Recently, Professor Li Ming from the School of Medicine and Pharmacy, in collaboration with Professor Li Xuechen from the University of Hong Kong and Professor Chen Sheng from the Hong Kong Polytechnic University, has made significant progress in the synthesis of capsular oligosaccharides from Campylobacter jejuni and the evaluation of their immunogenicity. Their research findings, titled “Synthesis of Campylobacter jejuni Capsular Oligosaccharides and Identification of a Potential O-Antigen against Campylobacteriosis,” have been published in the internationally renowned journal Science Advances.

The capsular polysaccharide of Campylobacter jejuni features a unique and rare heptose structure, the key virulence factor for the bacterium's infection. It can also be developed and applied as a potential antigen for novel antibacterial glyco-conjugate vaccines. According to statistics, the serotype HS:4 is the most common strain causing Campylobacter jejuni infections.
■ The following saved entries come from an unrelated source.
(* Let $T$ be an $\omega_2$-Kurepa-tree, for each $\alpha<\omega_2$ let $\xi\mapsto\tau(\alpha,\xi)$ be a map from $\omega_1$ onto the level $T_\alpha$, and let $A_\iota$ ($\iota<\omega_2$) be unbounded subsets of $\omega_2$. Then there is a cofinal branch $b$ through $T$ that oscillates on every $A_\iota$, $\iota<\omega_2$.
   Context: An $\omega_2$-Kurepa-tree is a tree of height $\omega_2$ all of whose levels have size $\leq\aleph_1$ and which has at least $\aleph_3$ cofinal ($\omega_2$-)branches. Given the enumeration $\tau$, a cofinal branch $b$ is identified with the function $b:\omega_2\to\omega_1$ where $b(\alpha)$ is the least $\xi$ such that $\tau(\alpha,\xi)$ is the node of $b$ on level $\alpha$. For unbounded $A\subseteq\omega_2$, $b$ oscillates on $A$ if for all $\alpha<\omega_2$ and all $\zeta<\omega_1$ there are $\beta>\alpha$ with $\beta\in A$ and $\xi>\zeta$ such that $b(\beta)=\xi$. *)

theory Defs
  imports Main
begin

unbundle cardinal_syntax

text \<open>The well-order of a wellorder type, as a relation (used to identify the
  type with an initial ordinal).\<close>
definition ord_rel :: "('a::wellorder) rel" where
  "ord_rel = {(x, y). x \<le> y}"

text \<open>A tree of height the (well-ordered) index type 'k, given by its levels
  lev and its strict tree order lt.\<close>
definition tree_nodes :: "('k \<Rightarrow> 'n set) \<Rightarrow> 'n set" where
  "tree_nodes lev = (\<Union>\<alpha>. lev \<alpha>)"

definition is_tree :: "(('k::wellorder) \<Rightarrow> 'n set) \<Rightarrow> ('n \<Rightarrow> 'n \<Rightarrow> bool) \<Rightarrow> bool" where
  "is_tree lev lt \<longleftrightarrow>
     (\<forall>\<alpha> \<beta>. \<alpha> \<noteq> \<beta> \<longrightarrow> lev \<alpha> \<inter> lev \<beta> = {}) \<and>
     (\<forall>x y. lt x y \<longrightarrow> x \<in> tree_nodes lev \<and> y \<in> tree_nodes lev) \<and>
     (\<forall>x. \<not> lt x x) \<and>
     (\<forall>x y z. lt x y \<longrightarrow> lt y z \<longrightarrow> lt x z) \<and>
     (\<forall>\<alpha> \<beta> x y. x \<in> lev \<beta> \<longrightarrow> y \<in> lev \<alpha> \<longrightarrow> lt y x \<longrightarrow> \<alpha> < \<beta>) \<and>
     (\<forall>\<alpha> \<beta> x. x \<in> lev \<beta> \<longrightarrow> \<alpha> < \<beta> \<longrightarrow> (\<exists>!y. y \<in> lev \<alpha> \<and> lt y x))"

definition cofinal_branch :: "('k \<Rightarrow> 'n set) \<Rightarrow> ('n \<Rightarrow> 'n \<Rightarrow> bool) \<Rightarrow> 'n set \<Rightarrow> bool" where
  "cofinal_branch lev lt B \<longleftrightarrow>
     B \<subseteq> tree_nodes lev \<and>
     (\<forall>x\<in>B. \<forall>y\<in>B. x = y \<or> lt x y \<or> lt y x) \<and>
     (\<forall>x\<in>B. \<forall>y. lt y x \<longrightarrow> y \<in> B) \<and>
     (\<forall>\<alpha>. B \<inter> lev \<alpha> \<noteq> {})"

text \<open>omega_2-Kurepa tree, where 'k is (the type of) omega_2 and 'j is omega_1:
  levels of size at most aleph_1 and at least aleph_3 cofinal branches.\<close>
definition kurepa_tree ::
  "(('k::wellorder) \<Rightarrow> 'n set) \<Rightarrow> ('n \<Rightarrow> 'n \<Rightarrow> bool) \<Rightarrow> ('j::wellorder) itself \<Rightarrow> bool" where
  "kurepa_tree lev lt _ \<longleftrightarrow>
     is_tree lev lt \<and>
     (\<forall>\<alpha>. card_of (lev \<alpha>) <=o card_of (UNIV :: 'j set)) \<and>
     cardSuc (ord_rel :: 'k rel) <=o card_of {B. cofinal_branch lev lt B}"

definition branch_fun :: "('k \<Rightarrow> ('j::wellorder) \<Rightarrow> 'n) \<Rightarrow> 'n set \<Rightarrow> 'k \<Rightarrow> 'j" where
  "branch_fun \<tau> B \<alpha> = (LEAST \<xi>. \<tau> \<alpha> \<xi> \<in> B)"

definition unbounded :: "('k::wellorder) set \<Rightarrow> bool" where
  "unbounded A \<longleftrightarrow> (\<forall>\<alpha>. \<exists>\<beta>\<in>A. \<alpha> < \<beta>)"

definition oscillates :: "(('k::wellorder) \<Rightarrow> ('j::wellorder)) \<Rightarrow> 'k set \<Rightarrow> bool" where
  "oscillates b A \<longleftrightarrow> (\<forall>\<alpha> \<zeta>. \<exists>\<beta> \<xi>. \<beta> > \<alpha> \<and> \<beta> \<in> A \<and> \<xi> > \<zeta> \<and> b \<beta> = \<xi>)"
The research team targeted the capsular polysaccharide derived from Campylobacter jejuni CG8486 (HS:4) to conduct precise synthesis of the capsular oligosaccharides and evaluate their immunogenicity.
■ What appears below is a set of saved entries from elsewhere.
(* Fix an even integer $k\ge2$ and variables $X_{i,j}$ for $i\in\{1,\ldots,k\}$, $j\in\{1,\ldots,k/2\}$. Let $$Q = R(X_{1,1},\ldots,X_{k,k/2}) \leftarrow \bigwedge_{j=1}^{k/2} R_j(X_{1,j},\ldots,X_{k,j}) \wedge \bigwedge_{i=1}^{k} T_i(X_{i,1},\ldots,X_{i,k/2}),$$ where the head contains all $k^2/2$ variables, with the functional dependencies: for each $j\in\{1,\ldots,k/2\}$, each subset $S\subseteq\{X_{1,j},\ldots,X_{k,j}\}$ with $|S|\ge k/2$, and each $i\in\{1,\ldots,k\}$, the dependency $S\to X_{i,j}$ (holding on relation $R_j$). Then $C(Q)\le 2$.
   Context: Valid coloring: a map $\mathcal{L}$ assigning to each query variable $X$ a finite set $\mathcal{L}(X)$ of colors such that for every functional dependency $Y_1,\ldots,Y_j\to Y$ among query variables, $\mathcal{L}(Y)\subseteq\bigcup_i\mathcal{L}(Y_i)$. Color number of a query with head list $u_0$ and body atoms with variable lists $u_1,\ldots,u_m$: $C(Q)=\max_{\mathcal{L}} \frac{|\bigcup_{X\in u_0}\mathcal{L}(X)|}{\max_{i\ge1}|\bigcup_{X\in u_i}\mathcal{L}(X)|}$, the maximum over valid colorings with positive denominator. *)

theory Defs
  imports Complex_Main "HOL-Library.Extended_Real"
begin

text \<open>A conjunctive query is given by its head variable list, the variable lists of its
body atoms, and a set of functional dependencies (S, Y) meaning S \<rightarrow> Y.
Colors are natural numbers (any finite color sets can be renamed into nat).\<close>

definition valid_coloring ::
  "'v set \<Rightarrow> ('v set \<times> 'v) set \<Rightarrow> ('v \<Rightarrow> nat set) \<Rightarrow> bool" where
  "valid_coloring V fds L \<longleftrightarrow>
     (\<forall>X\<in>V. finite (L X)) \<and> (\<forall>(S, Y)\<in>fds. L Y \<subseteq> (\<Union>X\<in>S. L X))"

definition colors_of :: "('v \<Rightarrow> nat set) \<Rightarrow> 'v list \<Rightarrow> nat" where
  "colors_of L u = card (\<Union>X\<in>set u. L X)"

definition body_max :: "('v \<Rightarrow> nat set) \<Rightarrow> 'v list list \<Rightarrow> nat" where
  "body_max L body = Max ((\<lambda>u. colors_of L u) ` set body)"

definition color_number ::
  "'v set \<Rightarrow> 'v list \<Rightarrow> 'v list list \<Rightarrow> ('v set \<times> 'v) set \<Rightarrow> ereal" where
  "color_number V head body fds =
     Sup {ereal (real (colors_of L head) / real (body_max L body)) | L.
            valid_coloring V fds L \<and> body_max L body > 0}"

definition qvars :: "nat \<Rightarrow> (nat \<times> nat) set" where
  "qvars k = {1..k} \<times> {1..k div 2}"

definition qhead :: "nat \<Rightarrow> (nat \<times> nat) list" where
  "qhead k = [(i, j). i \<leftarrow> [1..<k+1], j \<leftarrow> [1..<k div 2 + 1]]"

definition qbody :: "nat \<Rightarrow> (nat \<times> nat) list list" where
  "qbody k = [[(i, j). i \<leftarrow> [1..<k+1]]. j \<leftarrow> [1..<k div 2 + 1]]
           @ [[(i, j). j \<leftarrow> [1..<k div 2 + 1]]. i \<leftarrow> [1..<k+1]]"

definition qfds :: "nat \<Rightarrow> ((nat \<times> nat) set \<times> (nat \<times> nat)) set" where
  "qfds k = {(S, (i, j)) | S i j. j \<in> {1..k div 2} \<and> i \<in> {1..k} \<and>
              S \<subseteq> {1..k} \<times> {j} \<and> card S \<ge> k div 2}"

end

theory Submission
  imports Defs
begin

(* Write k = 2m and fix a valid coloring L.  Let R_i be the set of colors of row i
   (the atom T_i) and U the set of all colors (the head).  In column j, any m cells functionally
   determine every cell of the column; hence a color occurring in column j is missing from fewer
   than m of its k = 2m cells, i.e. it occurs in at least m + 1 rows.  Double counting the pairs
   (color, row containing it) gives  |U| (m + 1) <= sum_i |R_i| <= 2m M,  where M bounds the
   number of colors of each body atom; hence |U| <= 2M and the color number is at most 2. *)

lemma card_mult_le_sum_card:
  fixes R :: "'i \<Rightarrow> 'a set"
  assumes "finite U" "finite I" and sub: "\<And>i. i \<in> I \<Longrightarrow> R i \<subseteq> U"
    and many: "\<And>c. c \<in> U \<Longrightarrow> t \<le> card {i\<in>I. c \<in> R i}"
  shows "card U * t \<le> (\<Sum>i\<in>I. card (R i))"
proof -
  have "card U * t = (\<Sum>c\<in>U. t)" by simp
  also have "\<dots> \<le> (\<Sum>c\<in>U. card {i\<in>I. c \<in> R i})" by (rule sum_mono) (rule many)
  also have "\<dots> = (\<Sum>c\<in>U. \<Sum>i\<in>I. if c \<in> R i then 1 else 0)"
    using \<open>finite I\<close> by (simp add: sum.If_cases Int_def conj_commute)
  also have "\<dots> = (\<Sum>i\<in>I. \<Sum>c\<in>U. if c \<in> R i then 1 else 0)" by (rule sum.swap)
  also have "\<dots> = (\<Sum>i\<in>I. card (R i))"
    using \<open>finite U\<close> sub by (intro sum.cong) (auto simp: sum.If_cases Int_absorb1)
  finally show ?thesis .
qed

lemma dependency_spreads_color:
  fixes L :: "'v \<Rightarrow> 'c set"
  assumes "finite C"
    and dep: "\<And>S Y. S \<subseteq> C \<Longrightarrow> t \<le> card S \<Longrightarrow> Y \<in> C \<Longrightarrow> L Y \<subseteq> (\<Union>X\<in>S. L X)"
    and "Y \<in> C" "c \<in> L Y"
  shows "card C < card {X\<in>C. c \<in> L X} + t"
proof -
  define S where "S = {X\<in>C. c \<notin> L X}"
  have "card S < t"
  proof (rule ccontr)
    assume "\<not> card S < t"
    then have "L Y \<subseteq> (\<Union>X\<in>S. L X)" using dep[of S Y] \<open>Y \<in> C\<close> by (auto simp: S_def)
    then show False using \<open>c \<in> L Y\<close> by (auto simp: S_def)
  qed
  moreover have "card C = card {X\<in>C. c \<in> L X} + card S"
    unfolding S_def using \<open>finite C\<close>
    by (subst card_Un_disjoint[symmetric]) (auto intro!: arg_cong[where f = card])
  ultimately show ?thesis by linarith
qed

lemma colors_of_le_body_max:
  assumes "u \<in> set body"
  shows "colors_of L u \<le> body_max L body"
  unfolding body_max_def using assms by (intro Max_ge) auto

lemma color_number_le:
  assumes "\<And>L. valid_coloring V fds L \<Longrightarrow> 0 < body_max L body \<Longrightarrow>
             real (colors_of L head) \<le> r * real (body_max L body)"
  shows "color_number V head body fds \<le> ereal r"
  unfolding color_number_def
proof (rule Sup_least, clarify)
  fix L assume "valid_coloring V fds L" "0 < body_max L body"
  with assms[of L] show "ereal (real (colors_of L head) / real (body_max L body)) \<le> ereal r"
    by (simp add: divide_le_eq)
qed

definition row_colors :: "nat \<Rightarrow> (nat \<times> nat \<Rightarrow> nat set) \<Rightarrow> nat \<Rightarrow> nat set" where
  "row_colors k L i = (\<Union>j\<in>{1..k div 2}. L (i, j))"

lemma set_qhead: "set (qhead k) = qvars k"
  unfolding qhead_def qvars_def
  by (auto simp del: upt_Suc simp: atLeastLessThanSuc_atLeastAtMost)

lemma row_colors_le_body_max:
  assumes "i \<in> {1..k}"
  shows "card (row_colors k L i) \<le> body_max L (qbody k)"
proof -
  let ?row = "[(i, j). j \<leftarrow> [1..<k div 2 + 1]]"
  have "set ?row = {i} \<times> {1..k div 2}" by auto
  then have "card (row_colors k L i) = colors_of L ?row"
    unfolding colors_of_def row_colors_def by (auto intro!: arg_cong[where f = card])
  also have "\<dots> \<le> body_max L (qbody k)"
    using assms by (intro colors_of_le_body_max) (auto simp: qbody_def)
  finally show ?thesis .
qed

text \<open>Column j satisfies the hypothesis of dependency_spreads_color with t = k/2, so a color of
  cell (i0, j) appears in more than k/2 rows.\<close>
lemma color_in_many_rows:
  assumes val: "valid_coloring (qvars k) (qfds k) L"
    and "i0 \<in> {1..k}" "j \<in> {1..k div 2}" "c \<in> L (i0, j)"
  shows "k < card {i\<in>{1..k}. c \<in> row_colors k L i} + k div 2"
proof -
  let ?C = "{1..k} \<times> {j}"
  have dep: "L Y \<subseteq> (\<Union>X\<in>S. L X)" if "S \<subseteq> ?C" "k div 2 \<le> card S" "Y \<in> ?C" for S Y
  proof -
    have "(S, Y) \<in> qfds k" using that \<open>j \<in> {1..k div 2}\<close> unfolding qfds_def by auto
    then show ?thesis using val unfolding valid_coloring_def by auto
  qed
  have "k = card ?C" by simp
  also have "\<dots> < card {X\<in>?C. c \<in> L X} + k div 2"
    using assms(2,4) by (intro dependency_spreads_color[OF _ dep]) auto
  also have "card {X\<in>?C. c \<in> L X} = card {i\<in>{1..k}. c \<in> L (i, j)}"
    by (rule bij_betw_same_card[of fst]) (auto simp: bij_betw_def inj_on_def image_def)
  also have "\<dots> \<le> card {i\<in>{1..k}. c \<in> row_colors k L i}"
    using \<open>j \<in> {1..k div 2}\<close> by (intro card_mono) (auto simp: row_colors_def)
  finally show ?thesis by simp
qed

lemma head_colors_le_twice_body_max:
  assumes "even k" and val: "valid_coloring (qvars k) (qfds k) L"
  shows "colors_of L (qhead k) \<le> 2 * body_max L (qbody k)"
proof -
  define U where "U = (\<Union>X\<in>qvars k. L X)"
  define M where "M = body_max L (qbody k)"
  obtain m where k: "k = 2 * m" using \<open>even k\<close> by blast
  have "finite U"
    using val unfolding U_def valid_coloring_def qvars_def by auto
  moreover have "row_colors k L i \<subseteq> U" if "i \<in> {1..k}" for i
    using that unfolding U_def row_colors_def qvars_def by fastforce
  moreover have "m + 1 \<le> card {i\<in>{1..k}. c \<in> row_colors k L i}" if "c \<in> U" for c
    using that color_in_many_rows[OF val] k unfolding U_def qvars_def by fastforce
  ultimately have "card U * (m + 1) \<le> (\<Sum>i\<in>{1..k}. card (row_colors k L i))"
    by (intro card_mult_le_sum_card) auto
  also have "\<dots> \<le> (\<Sum>i\<in>{1..k}. M)"
    by (intro sum_mono) (simp add: M_def row_colors_le_body_max)
  also have "\<dots> \<le> 2 * M * (m + 1)" using k by simp
  finally have "card U * (m + 1) \<le> 2 * M * (m + 1)" .
  then have "card U \<le> 2 * M" by (metis mult_le_cancel2 add_gr_0 zero_less_one)
  then show ?thesis by (simp add: colors_of_def set_qhead U_def M_def)
qed

theorem mainTheorem5:
  fixes k :: nat
  assumes "even k" and "k \<ge> 2"
  shows "color_number (qvars k) (qhead k) (qbody k) (qfds k) \<le> 2"
proof -
  have "color_number (qvars k) (qhead k) (qbody k) (qfds k) \<le> ereal 2"
    using head_colors_le_twice_body_max[OF \<open>even k\<close>]
    by (intro color_number_le) (metis of_nat_le_iff of_nat_mult of_nat_numeral)
  then show ?thesis by simp
qed

end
In 2021, the research team successfully completed the total synthesis of the hexasaccharide from Campylobacter jejuni CG8486 for the first time (J. Am. Chem. Soc. 2021, 143, 11171-11179). Following this significant achievement, the team developed a universal and precise synthesis strategy for the β-D-Aldose glycosidic bond using gold(I)-catalyzed ortho-alkynyl benzoate glycosylation reactions. This strategy is applicable to a variety of alcohol acceptors and four types of Aldose donors (α-D-6-deoxy-aldopentose, α-D-aldose, and D-/L-glycerol-type α-D-aldopentose), enabling stereoselective β-glycosylation reactions. Ultimately, the team achieved multi-gram scale preparation of the key capsular disaccharide repeating unit from the CG8486 strain, as well as efficient assembly of disaccharides, tetrasaccharides, hexasaccharides, and octasaccharides. The researchers precisely synthesized four types of glycoprotein complexes (Di-CRM197, Tetra-CRM197, Hexa-CRM197, and Octa-CRM197), and conducted a systematic immunological evaluation. The results indicated that the glycoprotein complex Di-CRM197 exhibited similar immunogenicity to other protein complexes, suggesting that the structurally simplest disaccharide could serve as the minimal antigenic epitope for the development of vaccines against Campylobacter jejuni. This study not only established a universal method for the efficient synthesis of oligosaccharides containing β-D-Aldose units, but also laid a solid foundation for the development of glyco-conjugate vaccines to prevent Campylobacter jejuni infections.